Olaf was dethroned by the Danish king Cnut the Great in 1028, and he went into exile with his family and court, including the young Magnus. They travelled over the mountains and through Eidskog during the winter, entered Värmland, and were given shelter by a chieftain called Sigtrygg in Närke. After a few months, they departed Närke, and by March went eastwards towards Sigtuna, where the Swedish king Anund Jacob had left them a ship. The party thereafter sailed through the Baltic Sea and into the Gulf of Finland, eventually landing in Kievan Rus' (Garðaríki).

 They made their first stop at Staraya Ladoga (Aldeigjuborg) to organise the further journey. From there they travelled southwards to Novgorod (Holmgard), where Olaf sought assistance from Grand Prince Yaroslav the Wise. Yaroslav, however, did not want to become directly involved in the Scandinavian power-struggles, and declined to help. After some time, in early 1030, Olaf learned that the Earl of Lade Håkon Eiriksson, Cnut's regent in Norway, had disappeared at sea, and gathered his men to make a swift return to Norway. Magnus was left to be fostered by Yaroslav and his wife Ingegerd.

In early 1031, a party including Magnus's uncle Harald Sigurdsson (later also to be king and then known as Harald Hardrada) arrived to report the news of his father's death at the Battle of Stiklestad. For the next few years, Magnus was educated in Old Russian and some Greek and was trained as a warrior. After Cnut's death in 1035, the Norwegian noblemen did not want to be under the oppressive rule of his son Svein and his mother Ælfgifu (known as Álfífa in Norway) any longer.
Magnus I Seal
Einar Thambarskelfir and Kalf Arnesson, who had both sought to be appointed regents under Cnut after Olaf's death in 1030 (Cnut instead appointed Svein and Ælfgifu), went together to Kievan Rus' to bring the boy back to rule as the King of Norway.

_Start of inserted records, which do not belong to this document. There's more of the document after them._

(* Let $X$ be a compact, Hausdorff, second-countable topological space, and let $\mathcal{Y}$ be a non-empty weak-$*$ compact subset of $\mathcal{M}(X)$. For a measure $\mu_0\in\mathcal{M}(X)$ the following are equivalent: (i) for every $f\in C^0(X)$ with $\int_X f\,d\mu_0<0$ there exists $\mu\in\mathcal{Y}$ with $\int_X f\,d\mu\le 0$; (ii) for every $f\in C^0(X)$ with $\int_X f\,d\mu_0=0$ there exists $\mu\in\mathcal{Y}$ with $\int_X f\,d\mu\le0$; (iii) $\mu_0$ belongs to the weak-$*$ closure of the convex hull of the positive cone over $\mathcal{Y}$; (iv) there exists a sequence $\{\mu_k\}$ in $\mathcal{Y}$ such that \[ \lim_{k\to\infty}\frac1k\sum_{i=1}^k\frac{1}{\mu_i(X)}\int_X f\,d\mu_i=\frac{1}{\mu_0(X)}\int_X f\,d\mu_0\quad\text{for all } f\in C^0(X). \]
   Context: $C^0(X)$ is the space of continuous real functions on $X$ with the sup norm. $\mathcal{M}(X)$ is the set of (positive) Radon measures on $X$, identified via the Riesz representation theorem with positive bounded linear functionals on $C^0(X)$; the weak-$*$ topology on $\mathcal{M}(X)$ is the coarsest topology making $\mu\mapsto\int_X f\,d\mu$ continuous for every $f\in C^0(X)$. The positive cone over $\mathcal{Y}$ is $\{\lambda\mu:\lambda>0,\mu\in\mathcal{Y}\}$, and its convex hull is the set of finite convex combinations of its elements. *)

theory Defs
  imports "HOL-Analysis.Analysis"
begin

definition C0 :: "('a::topological_space \<Rightarrow> real) set" where
  "C0 = {f. continuous_on UNIV f}"

text \<open>M(X): nonzero positive finite Borel measures on X. On a compact metrizable
  (compact Hausdorff second-countable) space these are exactly the nonzero Radon measures.\<close>
definition radon_measures :: "'a::topological_space measure set" where
  "radon_measures = {M. sets M = sets borel \<and> finite_measure M \<and> emeasure M UNIV \<noteq> 0}"

definition weak_star_topology :: "'a::topological_space measure topology" where
  "weak_star_topology = topology_generated_by
     {{\<mu> \<in> radon_measures. (\<integral>x. f x \<partial>\<mu>) \<in> U} | f U. f \<in> C0 \<and> open U}"

definition pos_cone :: "'a::topological_space measure set \<Rightarrow> 'a measure set" where
  "pos_cone Y = {scale_measure (ennreal l) \<mu> | l \<mu>. l > 0 \<and> \<mu> \<in> Y}"

definition meas_convex_hull :: "'a::topological_space measure set \<Rightarrow> 'a measure set" where
  "meas_convex_hull S = {\<nu>. \<exists>(I::nat set) c m. finite I \<and> I \<noteq> {} \<and>
      (\<forall>i\<in>I. c i \<ge> (0::real) \<and> m i \<in> S) \<and> (\<Sum>i\<in>I. c i) = 1 \<and>
      sets \<nu> = sets borel \<and>
      (\<forall>A\<in>sets borel. emeasure \<nu> A = (\<Sum>i\<in>I. ennreal (c i) * emeasure (m i) A))}"

end

theory Submission
  imports Defs
begin

text \<open>
  Condition (ii) is equivalent to the herding condition: for every test function \<open>g\<close> some
  \<open>\<mu> \<in> Y\<close> has normalized integral of \<open>g\<close> at most that of \<open>\<mu>0\<close>. Under this condition one can herd.
  Fix a sequence \<open>e j\<close>, uniformly dense in \<open>C(X)\<close> up to scaling and with \<open>\<bar>e j\<bar> \<le> 2 ^ -(j + 1)\<close>,
  and choose \<open>\<mu> (k + 1) \<in> Y\<close> to do at least as well as \<open>\<mu>0\<close> on the test function \<open>\<Sum>j<k. S k j * e j\<close>,
  where \<open>S k j\<close> is the accumulated discrepancy of \<open>\<mu> 1, \<dots>, \<mu> k\<close> against \<open>\<mu>0\<close> on \<open>e j\<close>. Then the
  cross term in the squared length of \<open>S (k + 1)\<close> has the right sign, so this length is \<open>O(k)\<close>
  and all Cesaro discrepancies vanish: this is (iv). Rescaling the \<open>\<mu> i\<close> to the mass of \<open>\<mu>0\<close>
  and averaging turns (iv) into a sequence in the convex hull of the positive cone converging
  weak-* to \<open>\<mu>0\<close>, which is (iii). From (iii), the weak-* open set where the integral of \<open>f\<close> is
  negative contains \<open>\<mu>0\<close> and hence meets the hull, which is impossible if \<open>f\<close> has positive
  integral against every measure in \<open>Y\<close>: this is (i). Finally (i) gives (ii) by compactness:
  if \<open>f\<close> has positive integral on \<open>Y\<close>, the integral exceeds \<open>\<epsilon> * \<mu>(X)\<close> uniformly on \<open>Y\<close>, and (i)
  applied to \<open>f - \<epsilon>\<close> gives a contradiction.
\<close>

lemma C0_const [simp]: "(\<lambda>x. c) \<in> C0"
  by (simp add: C0_def)

lemma C0_diff: "f \<in> C0 \<Longrightarrow> g \<in> C0 \<Longrightarrow> (\<lambda>x. f x - g x) \<in> C0"
  by (auto simp: C0_def intro!: continuous_intros)

lemma C0_cmult: "f \<in> C0 \<Longrightarrow> (\<lambda>x. c * f x) \<in> C0"
  by (auto simp: C0_def intro!: continuous_intros)

lemma C0_sum: "(\<And>l. l \<in> L \<Longrightarrow> h l \<in> C0) \<Longrightarrow> (\<lambda>x. \<Sum>l\<in>L. h l x) \<in> C0"
  by (auto simp: C0_def intro!: continuous_intros)

lemma C0_borel_measurable: "f \<in> C0 \<Longrightarrow> f \<in> borel_measurable borel"
  by (simp add: C0_def borel_measurable_continuous_onI)

lemma C0_bounded:
  assumes "compact (UNIV :: 'a::topological_space set)" and "f \<in> C0"
  obtains B where "B \<ge> 0" "\<And>x::'a. \<bar>f x\<bar> \<le> B"
proof -
  have "compact (range f)"
    using assms compact_continuous_image by (auto simp: C0_def)
  then obtain B where "\<forall>y\<in>range f. norm y \<le> B"
    using compact_imp_bounded bounded_iff by metis
  then show thesis
    using that[of B] by (metis abs_ge_zero order_trans real_norm_def rangeI)
qed

lemma borel_measurable_sets_borel:
  "sets N = sets borel \<Longrightarrow> f \<in> borel_measurable borel \<Longrightarrow> f \<in> borel_measurable N"
  using measurable_cong_sets by blast

lemma integrable_bounded_borel:
  fixes f :: "'a::topological_space \<Rightarrow> real"
  assumes "sets N = sets borel" "finite_measure N"
    and "f \<in> borel_measurable borel" "\<And>x. \<bar>f x\<bar> \<le> B"
  shows "integrable N f"
  using assms borel_measurable_sets_borel[OF assms(1,3)]
  by (intro finite_measure.integrable_const_bound[where B = B]) auto

lemma integrable_C0:
  fixes f :: "'a::topological_space \<Rightarrow> real"
  assumes "compact (UNIV :: 'a set)" "f \<in> C0" "sets N = sets borel" "finite_measure N"
  shows "integrable N f"
  using assms C0_bounded[OF assms(1,2)] C0_borel_measurable integrable_bounded_borel by metis

section \<open>Finite combinations of Borel measures\<close>

lemma nn_integral_finite_combination:
  fixes M :: "'i \<Rightarrow> 'a::topological_space measure"
  assumes "sets \<nu> = sets borel" and sets_M: "\<And>i. i \<in> I \<Longrightarrow> sets (M i) = sets borel"
    and emeasure_\<nu>: "\<And>A. A \<in> sets borel \<Longrightarrow> emeasure \<nu> A = (\<Sum>i\<in>I. c i * emeasure (M i) A)"
    and "u \<in> borel_measurable borel"
  shows "(\<integral>\<^sup>+x. u x \<partial>\<nu>) = (\<Sum>i\<in>I. c i * (\<integral>\<^sup>+x. u x \<partial>M i))"
  using \<open>u \<in> borel_measurable borel\<close>
proof (induction rule: borel_measurable_induct)
  case (cong f g)
  then show ?case by simp
next
  case (set A)
  then show ?case using assms by simp
next
  case (mult u c')
  then have "u \<in> borel_measurable \<nu>" "\<And>i. i \<in> I \<Longrightarrow> u \<in> borel_measurable (M i)"
    using assms by (auto intro: borel_measurable_sets_borel)
  then show ?case
    using mult by (simp add: nn_integral_cmult sum_distrib_left mult.left_commute)
next
  case (add u v)
  then have "u \<in> borel_measurable \<nu>" "v \<in> borel_measurable \<nu>"
    "\<And>i. i \<in> I \<Longrightarrow> u \<in> borel_measurable (M i)" "\<And>i. i \<in> I \<Longrightarrow> v \<in> borel_measurable (M i)"
    using assms by (auto intro: borel_measurable_sets_borel)
  then show ?case
    using add by (simp add: nn_integral_add sum.distrib distrib_left)
next
  case (seq U)
  have meas: "\<And>n. U n \<in> borel_measurable \<nu>" "\<And>n i. i \<in> I \<Longrightarrow> U n \<in> borel_measurable (M i)"
    using seq(1) assms by (auto intro: borel_measurable_sets_borel)
  have mono: "\<And>i. incseq (\<lambda>n. c i * (\<integral>\<^sup>+x. U n x \<partial>M i))"
    using \<open>incseq U\<close> unfolding incseq_def le_fun_def
    by (auto intro!: mult_left_mono nn_integral_mono)
  have "(\<integral>\<^sup>+x. (SUP n. U n) x \<partial>\<nu>) = (SUP n. \<integral>\<^sup>+x. U n x \<partial>\<nu>)"
    using nn_integral_monotone_convergence_SUP[OF \<open>incseq U\<close> meas(1)] by (simp only: SUP_apply)
  also have "\<dots> = (SUP n. \<Sum>i\<in>I. c i * (\<integral>\<^sup>+x. U n x \<partial>M i))"
    using seq.IH by simp
  also have "\<dots> = (\<Sum>i\<in>I. c i * (SUP n. \<integral>\<^sup>+x. U n x \<partial>M i))"
    using mono by (simp add: ennreal_SUP_sum SUP_mult_left_ennreal)
  also have "\<dots> = (\<Sum>i\<in>I. c i * (\<integral>\<^sup>+x. (SUP n. U n) x \<partial>M i))"
    by (intro sum.cong refl arg_cong2[where f = "(*)"])
       (simp only: SUP_apply nn_integral_monotone_convergence_SUP[OF \<open>incseq U\<close> meas(2)])
  finally show ?case .
qed

lemma finite_measure_finite_combination:
  fixes M :: "'i \<Rightarrow> 'a::topological_space measure"
  assumes "finite I" "sets \<nu> = sets borel"
    and "\<And>i. i \<in> I \<Longrightarrow> finite_measure (M i)" "\<And>i. i \<in> I \<Longrightarrow> sets (M i) = sets borel"
    and "\<And>A. A \<in> sets borel \<Longrightarrow> emeasure \<nu> A = (\<Sum>i\<in>I. ennreal (c i) * emeasure (M i) A)"
  shows "finite_measure \<nu>"
proof (rule finite_measureI)
  have "\<forall>i\<in>I. emeasure (M i) UNIV < top"
    using assms(3) finite_measure.emeasure_finite top.not_eq_extremum by blast
  moreover have "space \<nu> = UNIV"
    using sets_eq_imp_space_eq[OF assms(2)] by simp
  ultimately show "emeasure \<nu> (space \<nu>) \<noteq> \<infinity>"
    using assms(1,5) by (simp add: ennreal_mult_less_top less_top)
qed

After receiving the approval of Ingegerd, they returned with Magnus to Sigtuna in early 1035, and received backing from the Swedish king, brother of Magnus's stepmother Astrid. Astrid immediately became an important supporter of Magnus, and an army was gathered in Sweden, headed by Einar and Kalf, to place Magnus on the Norwegian throne.

Sweyn increased the pressure on Magnus from his base in Scania, but by late 1046, Magnus had driven Sweyn out of Denmark. However, on October 25, 1047 he died suddenly while in Denmark, either in Zealand or in Jutland, either in an accident or of a disease; accounts vary. Reports include falling overboard from one of the ships he was mustering to invade England and drowning, falling off a horse, and falling ill while on board a ship. He is said to have made Sweyn his heir in Denmark, and Harald in Norway; some say in a deathbed statement. Magnus was buried with his father in the cathedral at Nidaros, modern Trondheim.